WORK TO BE COMPLETED: Copy out each line below exactly as written.

_ _ _ _ _

lemma disjoint_dual_cells:
  assumes mono: "\<And>d. strict_mono (x d)"
    and "\<sigma> \<in> faces_dir A i" "\<sigma>' \<in> faces_dir A i" "\<sigma> \<noteq> \<sigma>'"
  shows "dual_cell x A \<sigma> \<inter> dual_cell x A \<sigma>' = {}"
proof (rule ccontr)
  assume "dual_cell x A \<sigma> \<inter> dual_cell x A \<sigma>' \<noteq> {}"
  then obtain p K K' where K: "p \<in> half_cell x K \<sigma>" "\<sigma> \<in> cell_faces K"
    and K': "p \<in> half_cell x K' \<sigma>'" "\<sigma>' \<in> cell_faces K'"
    unfolding dual_cell_def by blast
  obtain k k' where k: "\<sigma> = (i, k)" "\<sigma>' = (i, k')"
    using assms(2,3) unfolding faces_dir_def by (cases \<sigma>, cases \<sigma>') auto
  have "K = K'"
    using half_cell_subset_cell[where x = x, OF mono] disjoint_cells[where x = x, OF mono] K(1) K'(1)
    by blast
  then have "{k, k'} = {K, K(i := Suc (K i))}"
    using K(2) K'(2) assms(4) k by (auto simp: mem_cell_faces_iff)
  then have "{half_cell x K \<sigma>, half_cell x K \<sigma>'}
      = {half_cell x K (i, K), half_cell x K (i, K(i := Suc (K i)))}"
    using k by (auto simp: doubleton_eq_iff)
  then show False
    using K(1) K'(1) \<open>K = K'\<close> disjoint_half_cells[of x K i] by (auto simp: doubleton_eq_iff)
qed

lemma dual_cell_fmeasurable:
  assumes "finite A"
  shows "dual_cell x A \<sigma> \<in> fmeasurable lborel"
  unfolding dual_cell_def using assms half_cell_fmeasurable by (intro fmeasurable.finite_UN) auto

lemma dual_cell_subset_domain:
  assumes G: "MAC_grid \<Omega> x A"
  shows "dual_cell x A \<sigma> \<subseteq> \<Omega>"
  unfolding dual_cell_def
  using cell_subset_domain[OF G] half_cell_subset_cell[where x = x, OF MAC_gridD(1)[OF G]] by blast

lemma measure_dual_cell_le:
  assumes G: "MAC_grid \<Omega> x A" and "\<sigma> \<in> faces_dir A i"
  shows "measure lborel (dual_cell x A \<sigma>) \<le> 2 * mesh_size x A ^ 3"
proof -
  obtain k where k: "\<sigma> = (i, k)" using assms(2) unfolding faces_dir_def by (cases \<sigma>) auto
  define C where "C = {K\<in>A. \<sigma> \<in> cell_faces K}"
  have "finite C" unfolding C_def k by (rule finite_cells_with_face)
  have "measure lborel (dual_cell x A \<sigma>) \<le> (\<Sum>K\<in>C. measure lborel (half_cell x K \<sigma>))"
    unfolding dual_cell_def C_def[symmetric]
    by (rule measure_UNION_le) (use \<open>finite C\<close> half_cell_sets in auto)
  also have "\<dots> \<le> (\<Sum>K\<in>C. mesh_size x A ^ 3)"
    by (rule sum_mono) (use measure_half_cell_bounds(2)[OF G] k in \<open>auto simp: C_def\<close>)
  also have "\<dots> \<le> 2 * mesh_size x A ^ 3"
    using card_cells_with_face_le[of A i k] mesh_size_pos[OF G] unfolding C_def k
    by (simp add: mult_right_mono)
  finally show ?thesis .
qed

lemma measure_dual_cell_ge:
  assumes G: "MAC_grid \<Omega> x A" and "\<sigma> \<in> faces_dir A i"
  shows "(eta x A * mesh_size x A / 2) ^ 3 \<le> measure lborel (dual_cell x A \<sigma>)"
proof -
  obtain k where k: "\<sigma> = (i, k)" using assms(2) unfolding faces_dir_def by (cases \<sigma>) auto
  obtain K where K: "K \<in> A" "\<sigma> \<in> cell_faces K"
    using assms(2) unfolding faces_dir_def faces_def by blast
  have "(eta x A * mesh_size x A / 2) ^ 3 \<le> measure lborel (half_cell x K \<sigma>)"
    using measure_half_cell_bounds(1)[OF G K(1)] k by simp
  also have "\<dots> \<le> measure lborel (dual_cell x A \<sigma>)"
    by (rule measure_mono_fmeasurable[OF _ _ dual_cell_fmeasurable[OF MAC_gridD(2)[OF G]]])
       (use K half_cell_sets in \<open>auto simp: dual_cell_def\<close>)
  finally show ?thesis .
qed

lemma set_integral_abs_powr_dual_cell_step_function:
  assumes G: "MAC_grid \<Omega> x A" and "S \<subseteq> faces_dir A i" and "0 < q"
  shows "(LINT p:\<Omega>|lborel. \<bar>\<Sum>\<sigma>\<in>S. c \<sigma> * indicator (dual_cell x A \<sigma>) p\<bar> powr q)
       = (\<Sum>\<sigma>\<in>S. \<bar>c \<sigma>\<bar> powr q * measure lborel (dual_cell x A \<sigma>))"
proof (rule set_integral_abs_powr_step_function)
  show "finite S" using assms(2) finite_faces_dir[OF MAC_gridD(2)[OF G]] by (rule finite_subset)
  show "dual_cell x A \<sigma> \<in> fmeasurable lborel" for \<sigma>
    by (rule dual_cell_fmeasurable[OF MAC_gridD(2)[OF G]])
  show "dual_cell x A \<sigma> \<subseteq> \<Omega>" for \<sigma> by (rule dual_cell_subset_domain[OF G])
  show "dual_cell x A \<sigma> \<inter> dual_cell x A \<sigma>' = {}" if "\<sigma> \<in> S" "\<sigma>' \<in> S" "\<sigma> \<noteq> \<sigma>'" for \<sigma> \<sigma>'
    using disjoint_dual_cells[where x = x, OF MAC_gridD(1)[OF G]] assms(2) that by blast
qed fact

_ _ _ _ _

ANSWER SECTION:
lemma disjoint_dual_cells:
  assumes mono: "\<And>d. strict_mono (x d)"
    and "\<sigma> \<in> faces_dir A i" "\<sigma>' \<in> faces_dir A i" "\<sigma> \<noteq> \<sigma>'"
  shows "dual_cell x A \<sigma> \<inter> dual_cell x A \<sigma>' = {}"
proof (rule ccontr)
  assume "dual_cell x A \<sigma> \<inter> dual_cell x A \<sigma>' \<noteq> {}"
  then obtain p K K' where K: "p \<in> half_cell x K \<sigma>" "\<sigma> \<in> cell_faces K"
    and K': "p \<in> half_cell x K' \<sigma>'" "\<sigma>' \<in> cell_faces K'"
    unfolding dual_cell_def by blast
  obtain k k' where k: "\<sigma> = (i, k)" "\<sigma>' = (i, k')"
    using assms(2,3) unfolding faces_dir_def by (cases \<sigma>, cases \<sigma>') auto
  have "K = K'"
    using half_cell_subset_cell[where x = x, OF mono] disjoint_cells[where x = x, OF mono] K(1) K'(1)
    by blast
  then have "{k, k'} = {K, K(i := Suc (K i))}"
    using K(2) K'(2) assms(4) k by (auto simp: mem_cell_faces_iff)
  then have "{half_cell x K \<sigma>, half_cell x K \<sigma>'}
      = {half_cell x K (i, K), half_cell x K (i, K(i := Suc (K i)))}"
    using k by (auto simp: doubleton_eq_iff)
  then show False
    using K(1) K'(1) \<open>K = K'\<close> disjoint_half_cells[of x K i] by (auto simp: doubleton_eq_iff)
qed

lemma dual_cell_fmeasurable:
  assumes "finite A"
  shows "dual_cell x A \<sigma> \<in> fmeasurable lborel"
  unfolding dual_cell_def using assms half_cell_fmeasurable by (intro fmeasurable.finite_UN) auto

lemma dual_cell_subset_domain:
  assumes G: "MAC_grid \<Omega> x A"
  shows "dual_cell x A \<sigma> \<subseteq> \<Omega>"
  unfolding dual_cell_def
  using cell_subset_domain[OF G] half_cell_subset_cell[where x = x, OF MAC_gridD(1)[OF G]] by blast

lemma measure_dual_cell_le:
  assumes G: "MAC_grid \<Omega> x A" and "\<sigma> \<in> faces_dir A i"
  shows "measure lborel (dual_cell x A \<sigma>) \<le> 2 * mesh_size x A ^ 3"
proof -
  obtain k where k: "\<sigma> = (i, k)" using assms(2) unfolding faces_dir_def by (cases \<sigma>) auto
  define C where "C = {K\<in>A. \<sigma> \<in> cell_faces K}"
  have "finite C" unfolding C_def k by (rule finite_cells_with_face)
  have "measure lborel (dual_cell x A \<sigma>) \<le> (\<Sum>K\<in>C. measure lborel (half_cell x K \<sigma>))"
    unfolding dual_cell_def C_def[symmetric]
    by (rule measure_UNION_le) (use \<open>finite C\<close> half_cell_sets in auto)
  also have "\<dots> \<le> (\<Sum>K\<in>C. mesh_size x A ^ 3)"
    by (rule sum_mono) (use measure_half_cell_bounds(2)[OF G] k in \<open>auto simp: C_def\<close>)
  also have "\<dots> \<le> 2 * mesh_size x A ^ 3"
    using card_cells_with_face_le[of A i k] mesh_size_pos[OF G] unfolding C_def k
    by (simp add: mult_right_mono)
  finally show ?thesis .
qed

lemma measure_dual_cell_ge:
  assumes G: "MAC_grid \<Omega> x A" and "\<sigma> \<in> faces_dir A i"
  shows "(eta x A * mesh_size x A / 2) ^ 3 \<le> measure lborel (dual_cell x A \<sigma>)"
proof -
  obtain k where k: "\<sigma> = (i, k)" using assms(2) unfolding faces_dir_def by (cases \<sigma>) auto
  obtain K where K: "K \<in> A" "\<sigma> \<in> cell_faces K"
    using assms(2) unfolding faces_dir_def faces_def by blast
  have "(eta x A * mesh_size x A / 2) ^ 3 \<le> measure lborel (half_cell x K \<sigma>)"
    using measure_half_cell_bounds(1)[OF G K(1)] k by simp
  also have "\<dots> \<le> measure lborel (dual_cell x A \<sigma>)"
    by (rule measure_mono_fmeasurable[OF _ _ dual_cell_fmeasurable[OF MAC_gridD(2)[OF G]]])
       (use K half_cell_sets in \<open>auto simp: dual_cell_def\<close>)
  finally show ?thesis .
qed

lemma set_integral_abs_powr_dual_cell_step_function:
  assumes G: "MAC_grid \<Omega> x A" and "S \<subseteq> faces_dir A i" and "0 < q"
  shows "(LINT p:\<Omega>|lborel. \<bar>\<Sum>\<sigma>\<in>S. c \<sigma> * indicator (dual_cell x A \<sigma>) p\<bar> powr q)
       = (\<Sum>\<sigma>\<in>S. \<bar>c \<sigma>\<bar> powr q * measure lborel (dual_cell x A \<sigma>))"
proof (rule set_integral_abs_powr_step_function)
  show "finite S" using assms(2) finite_faces_dir[OF MAC_gridD(2)[OF G]] by (rule finite_subset)
  show "dual_cell x A \<sigma> \<in> fmeasurable lborel" for \<sigma>
    by (rule dual_cell_fmeasurable[OF MAC_gridD(2)[OF G]])
  show "dual_cell x A \<sigma> \<subseteq> \<Omega>" for \<sigma> by (rule dual_cell_subset_domain[OF G])
  show "dual_cell x A \<sigma> \<inter> dual_cell x A \<sigma>' = {}" if "\<sigma> \<in> S" "\<sigma>' \<in> S" "\<sigma> \<noteq> \<sigma>'" for \<sigma> \<sigma>'
    using disjoint_dual_cells[where x = x, OF MAC_gridD(1)[OF G]] assms(2) that by blast
qed fact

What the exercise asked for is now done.